→ **Assigned task**
Please take the records that follow and repeat exactly the lines starting with the line with "i) = (\<Sum>i\<le>m. f (m" and going on through the line with "by (rule sum.reindex_bij_witness[where".
(Records shown Opens)
lemma sum_reflect_inverse_powers:
  fixes z :: "'a::field"
  assumes "z \<noteq> 0"
  shows "z ^ m * (\<Sum>i\<le>m. f i * inverse z ^ i) = (\<Sum>i\<le>m. f (m - i) * z ^ i)"
proof -
  have "z ^ m * (\<Sum>i\<le>m. f i * inverse z ^ i) = (\<Sum>i\<le>m. f i * z ^ (m - i))"
    unfolding sum_distrib_left
  proof (rule sum.cong)
    fix i assume "i \<in> {..m}"
    then have "z ^ m = z ^ (m - i) * z ^ i" by (simp add: power_add[symmetric])
    then show "z ^ m * (f i * inverse z ^ i) = f i * z ^ (m - i)"
      using assms by (simp add: power_inverse field_simps)
  qed simp
  also have "\<dots> = (\<Sum>i\<le>m. f (m - i) * z ^ i)"
    by (rule sum.reindex_bij_witness[where i="\<lambda>i. m - i" and j="\<lambda>i. m - i"]) auto
  finally show ?thesis .
qed

lemma polyfun_nonzero_eq_coeffs:
  fixes u v :: "nat \<Rightarrow> complex"
  assumes "\<And>z. z \<noteq> 0 \<Longrightarrow> (\<Sum>i\<le>N. u i * z ^ i) = (\<Sum>i\<le>N. v i * z ^ i)" "i \<le> N"
  shows "u i = v i"
proof -
  have "- {0} \<subseteq> {z. (\<Sum>i\<le>N. (u i - v i) * z ^ i) = 0}"
    using assms(1) by (auto simp: left_diff_distrib sum_subtractf)
  moreover have "infinite (- {0::complex})"
    by (simp add: infinite_UNIV_char_0)
  ultimately have "infinite {z. (\<Sum>i\<le>N. (u i - v i) * z ^ i) = 0}"
    using finite_subset by blast
  then show ?thesis
    using polyfun_finite_roots[of "\<lambda>i. u i - v i" N] assms(2) by auto
qed

text \<open>Coefficients of the top row of \<open>nlft_mat m g\<close> (see \<open>nlft_mat_top_row\<close>); they are
  indexed up to m rather than m - 1 so that the empty product m = 0 fits.\<close>

fun nlft_coeffs :: "nat \<Rightarrow> (nat \<Rightarrow> complex) \<Rightarrow> (nat \<Rightarrow> complex) \<times> (nat \<Rightarrow> complex)" where
  "nlft_coeffs 0 g = ((\<lambda>i. if i = 0 then 1 else 0), (\<lambda>i. 0))"
| "nlft_coeffs (Suc m) g = (let (\<alpha>, \<beta>) = nlft_coeffs m g; c = complex_of_real (nlft_scale (g m)) in
     ((\<lambda>i. if i \<le> m then c * (\<alpha> i - cnj (g m) * \<beta> (m - i)) else 0),
      (\<lambda>i. if i \<le> m then c * (\<beta> i + g m * \<alpha> (m - i)) else 0)))"

declare nlft_coeffs.simps(2) [simp del]

lemma nlft_coeffs_b_top: "snd (nlft_coeffs m g) m = 0"
  by (cases m) (simp_all add: nlft_coeffs.simps case_prod_beta Let_def)

lemma nlft_coeffs_a_0: "fst (nlft_coeffs m g) 0 = of_real (\<Prod>j<m. nlft_scale (g j))"
proof (induction m)
  case (Suc m)
  then show ?case
    using nlft_coeffs_b_top[of m g] by (simp add: nlft_coeffs.simps case_prod_beta Let_def mult.commute)
qed simp

lemma nlft_coeffs_b_last:
  "snd (nlft_coeffs (Suc m) g) m = of_real (\<Prod>j<Suc m. nlft_scale (g j)) * g m"
  using nlft_coeffs_a_0[of m g] nlft_coeffs_b_top[of m g]
  by (simp add: nlft_coeffs.simps case_prod_beta Let_def)

lemma nlft_mat_top_row:
  assumes "z \<noteq> 0"
  shows "fst (nlft_mat m g z) = (\<Sum>i\<le>m. fst (nlft_coeffs m g) i * inverse z ^ i)
       \<and> fst (snd (nlft_mat m g z)) = (\<Sum>i\<le>m. snd (nlft_coeffs m g) i * z ^ i)"
proof (induction m)
  case 0
  then show ?case by simp
next
  case (Suc m)
  obtain \<alpha> \<beta> where coeffs: "nlft_coeffs m g = (\<alpha>, \<beta>)" by (cases "nlft_coeffs m g") auto
  obtain A B C D where M: "nlft_mat m g z = (A, B, C, D)" by (cases "nlft_mat m g z") auto
  define c where "c = complex_of_real (nlft_scale (g m))"
  have F: "nlft_factor (g m) m z = (c, c * g m * z ^ m, - c * cnj (g m) * inverse z ^ m, c)"
    by (simp add: nlft_factor_eq c_def Let_def)
  have A: "A = (\<Sum>i\<le>m. \<alpha> i * inverse z ^ i)" and B: "B = (\<Sum>i\<le>m. \<beta> i * z ^ i)"
    using Suc.IH by (simp_all add: M coeffs)
  have \<alpha>': "fst (nlft_coeffs (Suc m) g) = (\<lambda>i. if i \<le> m then c * (\<alpha> i - cnj (g m) * \<beta> (m - i)) else 0)"
    and \<beta>': "snd (nlft_coeffs (Suc m) g) = (\<lambda>i. if i \<le> m then c * (\<beta> i + g m * \<alpha> (m - i)) else 0)"
    unfolding c_def by (simp_all add: nlft_coeffs.simps coeffs Let_def)
  have "fst (nlft_mat (Suc m) g z) = c * (A - cnj (g m) * (inverse z ^ m * B))"
    by (simp add: M F mmult2_def algebra_simps)
  also have "inverse z ^ m * B = (\<Sum>i\<le>m. \<beta> (m - i) * inverse z ^ i)"
    using sum_reflect_inverse_powers[of "inverse z" m \<beta>] assms by (simp add: B)
  also have "c * (A - cnj (g m) * \<dots>) = (\<Sum>i\<le>Suc m. fst (nlft_coeffs (Suc m) g) i * inverse z ^ i)"
    unfolding \<alpha>' by (simp add: A sum_subtractf sum_distrib_left right_diff_distrib mult_ac)
  finally have a: "fst (nlft_mat (Suc m) g z) = \<dots>" .
  have "fst (snd (nlft_mat (Suc m) g z)) = c * (B + g m * (z ^ m * A))"
    by (simp add: M F mmult2_def algebra_simps)
  also have "z ^ m * A = (\<Sum>i\<le>m. \<alpha> (m - i) * z ^ i)"
    using sum_reflect_inverse_powers[of z m \<alpha>] assms by (simp add: A)
  also have "c * (B + g m * \<dots>) = (\<Sum>i\<le>Suc m. snd (nlft_coeffs (Suc m) g) i * z ^ i)"
    unfolding \<beta>' by (simp add: B sum.distrib sum_distrib_left distrib_left mult_ac)
  finally show ?case using a by blast
qed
(Records shown Closes)
→ **Result below**
  shows "z ^ m * (\<Sum>i\<le>m. f i * inverse z ^ i) = (\<Sum>i\<le>m. f (m - i) * z ^ i)"
proof -
  have "z ^ m * (\<Sum>i\<le>m. f i * inverse z ^ i) = (\<Sum>i\<le>m. f i * z ^ (m - i))"
    unfolding sum_distrib_left
  proof (rule sum.cong)
    fix i assume "i \<in> {..m}"
    then have "z ^ m = z ^ (m - i) * z ^ i" by (simp add: power_add[symmetric])
    then show "z ^ m * (f i * inverse z ^ i) = f i * z ^ (m - i)"
      using assms by (simp add: power_inverse field_simps)
  qed simp
  also have "\<dots> = (\<Sum>i\<le>m. f (m - i) * z ^ i)"
    by (rule sum.reindex_bij_witness[where i="\<lambda>i. m - i" and j="\<lambda>i. m - i"]) auto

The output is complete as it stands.